Brand name: CMEAmerica BodyGuard
Product recalled: Infusion pumps and infusion sets
Reason of the recall: pumps may not deliver fluid at the accuracy specified in the instructions for use and infusion sets may under-deliver fluids
FDA Recall date: April 29, 2020
Recall ... See Moredetails: CME America, a wholly owned subsidiary of BD (Becton, Dickinson and Company), a leading global medical technology company, today issued the following update regarding two previously announced voluntary recalls, one related to all models of CMEAmerica BodyGuard® infusion pumps (FDA Recall Number: Z-1474-2020) and the other related to one of the device's infusion sets (FDA Recall Number: Z-1442-2020). Both previously announced recalls have now been designated as Class I recalls by the U.S. Food and Drug Administration (FDA), which means the FDA believes that there is a reasonable probability that use of the recalled product(s) will cause serious adverse health consequences or death.

CME America previously notified customers affected by each recall and provided guidance on the potential impact to device performance when the affected products were used. Today, the company has issued an updated customer letter with additional guidance and to inform customers of the decision to suspend distribution of the BodyGuard® infusion pump system and to remove all existing products from the U.S. market.

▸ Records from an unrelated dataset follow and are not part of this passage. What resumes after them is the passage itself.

(* Let $\Omega$ be an angular domain of opening $\pi/\alpha$, and let $f$ be a slice regular function on $\Omega$, continuous on $\overline{\Omega}$, of order $\rho<\alpha$. If there exists $M\ge0$ such that $|f|\le M$ on $\partial\Omega$, then $|f|\le M$ on $\Omega$.
   Context: $\mathbb{H}$ denotes the quaternions with Euclidean norm $|q|$; $\mathbb{S}=\{ix_1+jx_2+kx_3: x_1^2+x_2^2+x_3^2=1\}$; for $I\in\mathbb{S}$, $L_I=\mathbb{R}+\mathbb{R}I$, $e^{I\vartheta}=\cos\vartheta+I\sin\vartheta$, and $\Omega_I=\Omega\cap L_I$. A function $f:\Omega\to\mathbb{H}$ on an open set $\Omega$ is slice regular if for every $I\in\mathbb{S}$ its restriction $f_I$ to $\Omega_I$ satisfies $\frac12\left(\frac{\partial}{\partial x}+I\frac{\partial}{\partial y}\right)f_I(x+yI)=0$. A domain $\Omega$ is a slice domain if $\Omega\cap\mathbb{R}\ne\emptyset$ and each $\Omega_I$ is a domain in $L_I$. A slice domain $\Omega$ is an angular domain if for every $I\in\mathbb{S}$, $\Omega_I=\{re^{I(\zeta_I+\vartheta)}: r>0,\ |\vartheta|<\varphi_I/2\}$ for some $\zeta_I\in\mathbb{R}$, $0<\varphi_I<2\pi$; its opening is $\sup_{I\in\mathbb{S}}\varphi_I$. For $f$ slice regular on $\Omega$ and continuous up to the boundary, $M_f(r,\Omega)=\max\{|f(q)|: q\in\overline\Omega,\ |q|=r\}$ and the order of $f$ is $\rho=\limsup_{r\to+\infty}\frac{\ln^+\ln^+M_f(r,\Omega)}{\ln r}$, where $\ln^+x=\max\{\ln x,0\}$. *)

theory Defs
  imports "HOL-Analysis.Analysis"
begin

text \<open>Quaternions are modelled as real^4: component 1 is the real part,
components 2,3,4 the i, j, k parts. The norm is the Euclidean norm.\<close>

type_synonym quat = "real^4"

definition qmult :: "quat \<Rightarrow> quat \<Rightarrow> quat" where
  "qmult p q = vector
     [p$1*q$1 - p$2*q$2 - p$3*q$3 - p$4*q$4,
      p$1*q$2 + p$2*q$1 + p$3*q$4 - p$4*q$3,
      p$1*q$3 - p$2*q$4 + p$3*q$1 + p$4*q$2,
      p$1*q$4 + p$2*q$3 - p$3*q$2 + p$4*q$1]"

definition qreal :: "real \<Rightarrow> quat" where
  "qreal r = vector [r, 0, 0, 0]"

definition imag_units :: "quat set" where
  "imag_units = {q. q$1 = 0 \<and> (q$2)^2 + (q$3)^2 + (q$4)^2 = 1}"

definition slice_plane :: "quat \<Rightarrow> quat set" where
  "slice_plane I = {qreal x + y *\<^sub>R I | x y. True}"

definition qexp_I :: "quat \<Rightarrow> real \<Rightarrow> quat" where
  "qexp_I I \<theta> = qreal (cos \<theta>) + sin \<theta> *\<^sub>R I"

definition slice_regular :: "(quat \<Rightarrow> quat) \<Rightarrow> quat set \<Rightarrow> bool" where
  "slice_regular f \<Omega> \<longleftrightarrow> open \<Omega> \<and>
     (\<forall>I\<in>imag_units. \<forall>x y. qreal x + y *\<^sub>R I \<in> \<Omega> \<longrightarrow>
        (\<exists>D. ((\<lambda>(s,t). f (qreal s + t *\<^sub>R I)) has_derivative D) (at (x, y))
             \<and> D (1, 0) + qmult I (D (0, 1)) = 0))"

definition slice_domain :: "quat set \<Rightarrow> bool" where
  "slice_domain \<Omega> \<longleftrightarrow> open \<Omega> \<and> connected \<Omega> \<and> \<Omega> \<inter> range qreal \<noteq> {} \<and>
     (\<forall>I\<in>imag_units. openin (top_of_set (slice_plane I)) (\<Omega> \<inter> slice_plane I)
                      \<and> connected (\<Omega> \<inter> slice_plane I))"

definition sector :: "quat \<Rightarrow> real \<Rightarrow> real \<Rightarrow> quat set" where
  "sector I \<zeta> \<phi> = {r *\<^sub>R qexp_I I (\<zeta> + \<theta>) | r \<theta>. r > 0 \<and> \<bar>\<theta>\<bar> < \<phi> / 2}"

definition angular_domain :: "quat set \<Rightarrow> bool" where
  "angular_domain \<Omega> \<longleftrightarrow> slice_domain \<Omega> \<and>
     (\<forall>I\<in>imag_units. \<exists>\<zeta> \<phi>. 0 < \<phi> \<and> \<phi> < 2 * pi \<and> \<Omega> \<inter> slice_plane I = sector I \<zeta> \<phi>)"

definition angle_opening :: "quat set \<Rightarrow> real" where
  "angle_opening \<Omega> = Sup {\<phi>. \<exists>I\<in>imag_units. \<exists>\<zeta>. 0 < \<phi> \<and> \<phi> < 2 * pi \<and>
                          \<Omega> \<inter> slice_plane I = sector I \<zeta> \<phi>}"

definition max_modulus :: "(quat \<Rightarrow> quat) \<Rightarrow> quat set \<Rightarrow> real \<Rightarrow> real" where
  "max_modulus f \<Omega> r = Sup ((\<lambda>q. norm (f q)) ` (closure \<Omega> \<inter> {q. norm q = r}))"

text \<open>ln^+ x = max (ln x) 0, with ln^+ x = 0 for x <= 1 (covering x = 0).\<close>
definition lnp :: "real \<Rightarrow> real" where
  "lnp x = (if x \<le> 1 then 0 else ln x)"

definition order_of :: "(quat \<Rightarrow> quat) \<Rightarrow> quat set \<Rightarrow> ereal" where
  "order_of f \<Omega> = Limsup at_top (\<lambda>r::real. ereal (lnp (lnp (max_modulus f \<Omega> r)) / ln r))"

end

theory Submission
  imports Defs "HOL-Complex_Analysis.Conformal_Mappings" "HOL-Real_Asymp.Real_Asymp"
begin

(* Fix q in \<Omega> with f q \<noteq> 0 and a slice L_I through q; there \<Omega> is a sector of angle
   \<phi> \<le> pi/\<alpha>. Identifying L_I with the complex plane and projecting f onto the orthonormal pair
   (u, Iu), u = f q / |f q|, yields a holomorphic function \<Phi> on a planar sector which is bounded
   by M on the boundary, grows at most like exp(|w|^\<rho>) for some \<rho> < \<alpha>, and satisfies
   \<Phi>(q) = |f q|. The classical Phragmen-Lindelof argument (maximum modulus principle for
   \<Phi>(w) exp(-\<epsilon> w^\<beta>) with \<rho> < \<beta> < \<alpha>, then \<epsilon> \<rightarrow> 0) gives |f q| \<le> M. *)

(* The open sector of opening \<phi> symmetric about the positive real axis, and its closed
  counterpart; every slice of an angular domain is a rotated copy of such a sector. *)
definition csector :: "real \<Rightarrow> complex set" where
  "csector \<phi> = {rcis r \<theta> | r \<theta>. r > 0 \<and> \<bar>\<theta>\<bar> < \<phi> / 2}"

definition closed_csector :: "real \<Rightarrow> complex set" where
  "closed_csector \<phi> = {rcis r \<theta> | r \<theta>. r \<ge> 0 \<and> \<bar>\<theta>\<bar> \<le> \<phi> / 2}"

lemma rcis_notin_nonpos_Reals:
  assumes "r > 0" "\<bar>\<theta>\<bar> < pi"
  shows "rcis r \<theta> \<notin> \<real>\<^sub>\<le>\<^sub>0"
proof
  assume neg: "rcis r \<theta> \<in> \<real>\<^sub>\<le>\<^sub>0"
  have nz: "rcis r \<theta> \<noteq> 0" using assms by (simp add: rcis_def)
  have "Ln (rcis r \<theta>) = Complex (ln r) \<theta>"
    using Ln_rcis[of r \<theta>] assms by (simp add: abs_less_iff)
  moreover have "Im (Ln (rcis r \<theta>)) = pi"
    using Im_Ln_eq_pi[OF nz] neg nz by (auto simp: complex_nonpos_Reals_iff complex_eq_iff)
  ultimately show False using assms by simp
qed

lemma csector_Ln:
  assumes "0 < \<phi>" "\<phi> \<le> 2 * pi"
  shows "csector \<phi> = {z. z \<notin> \<real>\<^sub>\<le>\<^sub>0 \<and> \<bar>Im (Ln z)\<bar> < \<phi> / 2}"
proof safe
  fix z assume "z \<in> csector \<phi>"
  then obtain r \<theta> where z: "z = rcis r \<theta>" "r > 0" "\<bar>\<theta>\<bar> < \<phi> / 2" by (auto simp: csector_def)
  then have t: "\<bar>\<theta>\<bar> < pi" using assms by linarith
  show "z \<in> \<real>\<^sub>\<le>\<^sub>0 \<Longrightarrow> False" using rcis_notin_nonpos_Reals[OF z(2) t] z(1) by simp
  have "Ln (rcis r \<theta>) = Complex (ln r) \<theta>" using Ln_rcis[of r \<theta>] z t by (simp add: abs_less_iff)
  then show "\<bar>Im (Ln z)\<bar> < \<phi> / 2" using z by simp
next
  fix z assume z: "z \<notin> \<real>\<^sub>\<le>\<^sub>0" "\<bar>Im (Ln z)\<bar> < \<phi> / 2"
  have nz: "z \<noteq> 0" using z by auto
  have "z = rcis (cmod z) (Arg z)" by (simp add: rcis_cmod_Arg)
  moreover have "Arg z = Im (Ln z)" using nz by (rule Arg_eq_Im_Ln)
  ultimately show "z \<in> csector \<phi>" using z nz unfolding csector_def by force
qed

lemma open_csector:
  assumes "0 < \<phi>" "\<phi> \<le> 2 * pi"
  shows "open (csector \<phi>)"
proof -
  have "continuous_on (- \<real>\<^sub>\<le>\<^sub>0) (\<lambda>z. Im (Ln z))" by (intro continuous_intros) auto
  then have "open ((- \<real>\<^sub>\<le>\<^sub>0) \<inter> (\<lambda>z. Im (Ln z)) -` {-\<phi>/2<..<\<phi>/2})"
    by (rule continuous_open_preimage) (simp_all add: open_Compl)
  moreover have "(- \<real>\<^sub>\<le>\<^sub>0) \<inter> (\<lambda>z. Im (Ln z)) -` {-\<phi>/2<..<\<phi>/2} = csector \<phi>"
    unfolding csector_Ln[OF assms] by (auto simp: abs_less_iff)
  ultimately show ?thesis by simp
qed

(* Closure points keep polar coordinates within the closed angle, as polar coordinates
  range over a compact set near any point. *)
lemma closure_csector_subset: "closure (csector \<phi>) \<subseteq> closed_csector \<phi>"
proof
  fix z assume z: "z \<in> closure (csector \<phi>)"
  define P where "P x = rcis (fst x) (snd x)" for x :: "real \<times> real"
  define K where "K = cbox (0::real, - \<phi> / 2) (norm z + 1, \<phi> / 2)"
  have "continuous_on K P" unfolding P_def rcis_def cis_conv_exp by (intro continuous_intros)
  then have closed_PK: "closed (P ` K)"
    by (intro compact_imp_closed compact_continuous_image) (simp_all add: K_def)
  have "z \<in> closure (csector \<phi> \<inter> ball z 1)"
    using open_Int_closure_subset[of "ball z 1" "csector \<phi>"] z by (auto simp: Int_commute)
  moreover have "csector \<phi> \<inter> ball z 1 \<subseteq> P ` K"
  proof
    fix w assume w: "w \<in> csector \<phi> \<inter> ball z 1"
    then obtain r \<theta> where wr: "w = rcis r \<theta>" "r > 0" "\<bar>\<theta>\<bar> < \<phi> / 2" by (auto simp: csector_def)
    have "norm w < norm z + 1" using w norm_triangle_sub[of w z] by (auto simp: dist_norm norm_minus_commute)
    then have "(r, \<theta>) \<in> K" using wr by (auto simp: K_def abs_less_iff)
    then show "w \<in> P ` K" using wr by (force simp: P_def)
  qed
  ultimately have "z \<in> P ` K" using closed_PK closure_minimal by blast
  then show "z \<in> closed_csector \<phi>" by (force simp: P_def K_def abs_le_iff closed_csector_def)
qed

lemma closed_csector_polar:
  assumes "z \<in> closed_csector \<phi>" "z \<noteq> 0"
  obtains r \<theta> where "r > 0" "\<bar>\<theta>\<bar> \<le> \<phi> / 2" "z = rcis r \<theta>"
proof -
  obtain r \<theta> where r: "z = rcis r \<theta>" "r \<ge> 0" "\<bar>\<theta>\<bar> \<le> \<phi> / 2"
    using assms(1) unfolding closed_csector_def by blast
  then have "r > 0" using assms(2) by (cases "r = 0") auto
  then show ?thesis using r that by blast
qed

lemma closed_csector_notin_nonpos_Reals:
  assumes "z \<in> closed_csector \<phi>" "\<phi> < 2 * pi" "z \<noteq> 0"
  shows "z \<notin> \<real>\<^sub>\<le>\<^sub>0"
proof -
  obtain r \<theta> where "r > 0" "\<bar>\<theta>\<bar> \<le> \<phi> / 2" "z = rcis r \<theta>" using closed_csector_polar assms by blast
  moreover have "\<bar>\<theta>\<bar> < pi" using calculation assms(2) by linarith
  ultimately show ?thesis using rcis_notin_nonpos_Reals by blast
qed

The following is a summary of each individual product recall details:

CMEAmerica BodyGuard® Infusion Pump Recall

Details On Jan. 6, 2020, the company initiated a voluntary recall to notify customers of certain scenarios where pumps may not deliver fluid at the accuracy specified in the instructions for use that could result in a slower than expected delivery of medication (under-infusion), and/or faster than expected delivery of medication (over-infusion). Results indicate that pumps may have a delivery inaccuracy of up to ~13%. To date, no reports of patient injury has been received related to this previously announced voluntary recall. CME America has assessed the potential risks associated with the issues outlined in the initial voluntary recall and determined that the BodyGuard® infusion pump may continue to be used in certain situations in accordance with the Operator's Manual and the additional mitigations outlined in the updated customer letter until the pumps have been removed from the market.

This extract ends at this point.